How are tires like the commercial traction going to be for year round use? I don't use my truck a lot of miles anytime during the year and want to have solid snow capability. I'd prefer not to have to swap tires though and just keep the snows on all winter. Typical summer usage is going to be pickup tasks and some mild off road use to get firewood from my land.

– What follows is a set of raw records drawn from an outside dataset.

lemma lipschitz_rung:
  assumes t: "t \<in> {a..b}" "t' \<in> {a..b}"
  shows "GQ (rung u t) (rung u t') \<le> K0 * \<bar>t - t'\<bar>"
proof (cases "u = -b")
  case True
  have "GQ (g (-b, t)) (g (-b, t')) \<le> Lg * \<bar>t - t'\<bar>"
    using lip_g[OF infnorm_outer(2) infnorm_outer(2), of t t'] t ab by (simp add: dist_Pair_same_fst)
  moreover have "Lg \<le> K0" using nonneg ab by (simp add: K0_def)
  ultimately show ?thesis using True by (simp add: rung_def) (smt (verit) mult_right_mono abs_ge_zero)
next
  case False
  have "GQ (rung u t) (rung u t')
      \<le> \<bar>(t - a) / (b - a) - (t' - a) / (b - a)\<bar> * GQ (inner_edge u) (g (u, b))"
    using False GQ_AQ_geodesic[OF size_outer_inner_edge] by (simp add: rung_def)
  also have "\<bar>(t - a) / (b - a) - (t' - a) / (b - a)\<bar> = \<bar>t - t'\<bar> / (b - a)"
    using ab by (simp add: diff_divide_distrib[symmetric])
  also have "\<bar>t - t'\<bar> / (b - a) * GQ (inner_edge u) (g (u, b)) \<le> \<bar>t - t'\<bar> / (b - a) * (K0 * (b - a))"
    using GQ_inner_edge_outer[OF u] ab by (intro mult_left_mono) auto
  also have "\<dots> = K0 * \<bar>t - t'\<bar>" using ab by simp
  finally show ?thesis .
qed

lemma GQ_rung_inner_edge: "t \<in> {a..b} \<Longrightarrow> GQ (rung u t) (inner_edge u) \<le> K0 * (b - a)"
  using lipschitz_rung[of t a] rung_inner ab K0_nonneg by (smt (verit) atLeastAtMost_iff mult_left_mono)

end

lemma cell_fill:
  assumes u: "-b \<le> u0" "u0 < u1" "u1 \<le> a" and width: "u1 - u0 \<le> b - a" "b - a \<le> 2 * (u1 - u0)"
  shows "\<exists>\<Phi>. (\<forall>x. size (\<Phi> x) = Q) \<and> (\<forall>y\<in>frontier (rect u0 u1 a b). \<Phi> y = rung (fst y) (snd y)) \<and>
    (\<forall>x x'. GQ (\<Phi> x) (\<Phi> x') \<le> 10 * cone_const Q * K0 * dist x x')"
proof -
  define \<phi> where "\<phi> y = rung (fst y) (snd y)" for y
  have cell: "fst y \<in> {-b..a}" "snd y \<in> {a..b}" if "y \<in> frontier (rect u0 u1 a b)" for y
    using that u unfolding mem_frontier_rect by (auto simp: rect_def)
  have size: "\<forall>y\<in>frontier (rect u0 u1 a b). size (\<phi> y) = Q"
    using size_rung cell by (simp add: \<phi>_def)
  have center: "GQ (\<phi> y) (inner_edge u0) \<le> 2 * K0 * (b - a)" if "y \<in> frontier (rect u0 u1 a b)" for y
  proof -
    have "\<bar>fst y - u0\<bar> \<le> b - a" using that width unfolding mem_frontier_rect by (auto simp: rect_def)
    then have "GQ (inner_edge (fst y)) (inner_edge u0) \<le> K0 * (b - a)"
      using lipschitz_inner_edge[OF cell(1)[OF that], of u0] u K0_nonneg
      by (smt (verit) atLeastAtMost_iff mult_left_mono)
    moreover have "GQ (\<phi> y) (inner_edge u0) \<le> GQ (\<phi> y) (inner_edge (fst y)) + GQ (inner_edge (fst y)) (inner_edge u0)"
      using size that cell size_inner_edge u by (intro GQ_triangle) auto
    ultimately show ?thesis using GQ_rung_inner_edge[OF cell[OF that]] by (simp add: \<phi>_def)
  qed
  have osc: "\<forall>y\<in>frontier (rect u0 u1 a b). \<forall>y'\<in>frontier (rect u0 u1 a b). GQ (\<phi> y) (\<phi> y') \<le> 4 * K0 * (b - a)"
  proof (intro ballI)
    fix y y' assume y: "y \<in> frontier (rect u0 u1 a b)" "y' \<in> frontier (rect u0 u1 a b)"
    have sz: "size (inner_edge u0) = Q" using size_inner_edge u by simp
    have "GQ (\<phi> y) (\<phi> y') \<le> GQ (\<phi> y) (inner_edge u0) + GQ (inner_edge u0) (\<phi> y')"
      using size y sz by (intro GQ_triangle) auto
    then show "GQ (\<phi> y) (\<phi> y') \<le> 4 * K0 * (b - a)"
      using center[OF y(1)] center[OF y(2)] GQ_sym[of "\<phi> y'" "inner_edge u0"] size y sz by simp
  qed
  have sides: "\<forall>y\<in>S. \<forall>y'\<in>S. GQ (\<phi> y) (\<phi> y') \<le> K0 * dist y y'"
    if "S \<in> {{u0..u1} \<times> {a}, {u0..u1} \<times> {b}, {u0} \<times> {a..b}, {u1} \<times> {a..b}}" for S
  proof -
    have horizontal: "{u0..u1} \<subseteq> {-b..a}" using u by auto
    have "u0 \<in> {-b..a}" "u1 \<in> {-b..a}" using u by auto
    then show ?thesis using that horizontal ab
      by (auto simp: \<phi>_def dist_Pair_same_snd dist_Pair_same_fst rung_inner rung_outer
          lipschitz_inner_edge lipschitz_rung subset_iff abs_le_iff intro!: GQ_g_outer)
  qed
  have "\<forall>y\<in>frontier (rect u0 u1 a b). \<forall>y'\<in>frontier (rect u0 u1 a b).
      GQ (\<phi> y) (\<phi> y') \<le> (2 * K0 + 4 * K0 * (b - a) / min (u1 - u0) (b - a)) * dist y y'"
    by (rule GQ_lipschitz_frontier_rect[OF u(2) ab(2) K0_nonneg _ size osc sides]) (use ab K0_nonneg in auto)
  moreover have "2 * K0 + 4 * K0 * (b - a) / min (u1 - u0) (b - a) \<le> 10 * K0"
  proof -
    have "(b - a) / (u1 - u0) \<le> 2" using width u by (simp add: pos_divide_le_eq)
    then have "4 * K0 * ((b - a) / (u1 - u0)) \<le> 4 * K0 * 2" using K0_nonneg by (intro mult_left_mono) auto
    then show ?thesis using width by (simp add: min_def)
  qed
  ultimately have lip: "\<forall>y\<in>frontier (rect u0 u1 a b). \<forall>y'\<in>frontier (rect u0 u1 a b).
      GQ (\<phi> y) (\<phi> y') \<le> 10 * K0 * dist y y'"
    by (smt (verit) mult_right_mono zero_le_dist)
  obtain \<Phi> where "\<forall>x. size (\<Phi> x) = Q" "\<forall>y\<in>frontier (rect u0 u1 a b). \<Phi> y = \<phi> y"
    "\<forall>x x'. GQ (\<Phi> x) (\<Phi> x') \<le> cone_const Q * (10 * K0) * dist x x'"
    using rect_cone_extension[OF u(2) ab(2) _ _ _ size lip] width u K0_nonneg by auto
  then show ?thesis by (auto simp: \<phi>_def mult.assoc mult.left_commute)
qed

Truck currently has some fairly worn Artic Claw XSIs... Truck is new to me so no real snow experience with them but doing the firewood has shown them to pack up a lot. 
http://www.tbcprivatebrands.com/sigm...ine.asp?id=247


----------



## cameron2171 (Dec 13, 2009)

just wondering would these be good in the snow?? https://www.treadwright.com/shopnow/product/tabid/61/productid/27/sename/23585r16-axiom-at-e.aspx


----------



## 2COR517 (Oct 23, 2008)

cameron2171;1067205 said:


> just wondering would these be good in the snow?? https://www.treadwright.com/shopnow/product/tabid/61/productid/27/sename/23585r16-axiom-at-e.aspx


They appear to have plenty of siping, which really helps in snow. But sometimes you just don't know till you try them.


----------



## cameron2171 (Dec 13, 2009)

do u think they would fit on my truck?


----------



## 2COR517 (Oct 23, 2008)

235/85 is no problem on your truck. You may need to turn the t-bars up just a bit if they haven't been done already.


----------



## cameron2171 (Dec 13, 2009)

well i just might have to try them out then


----------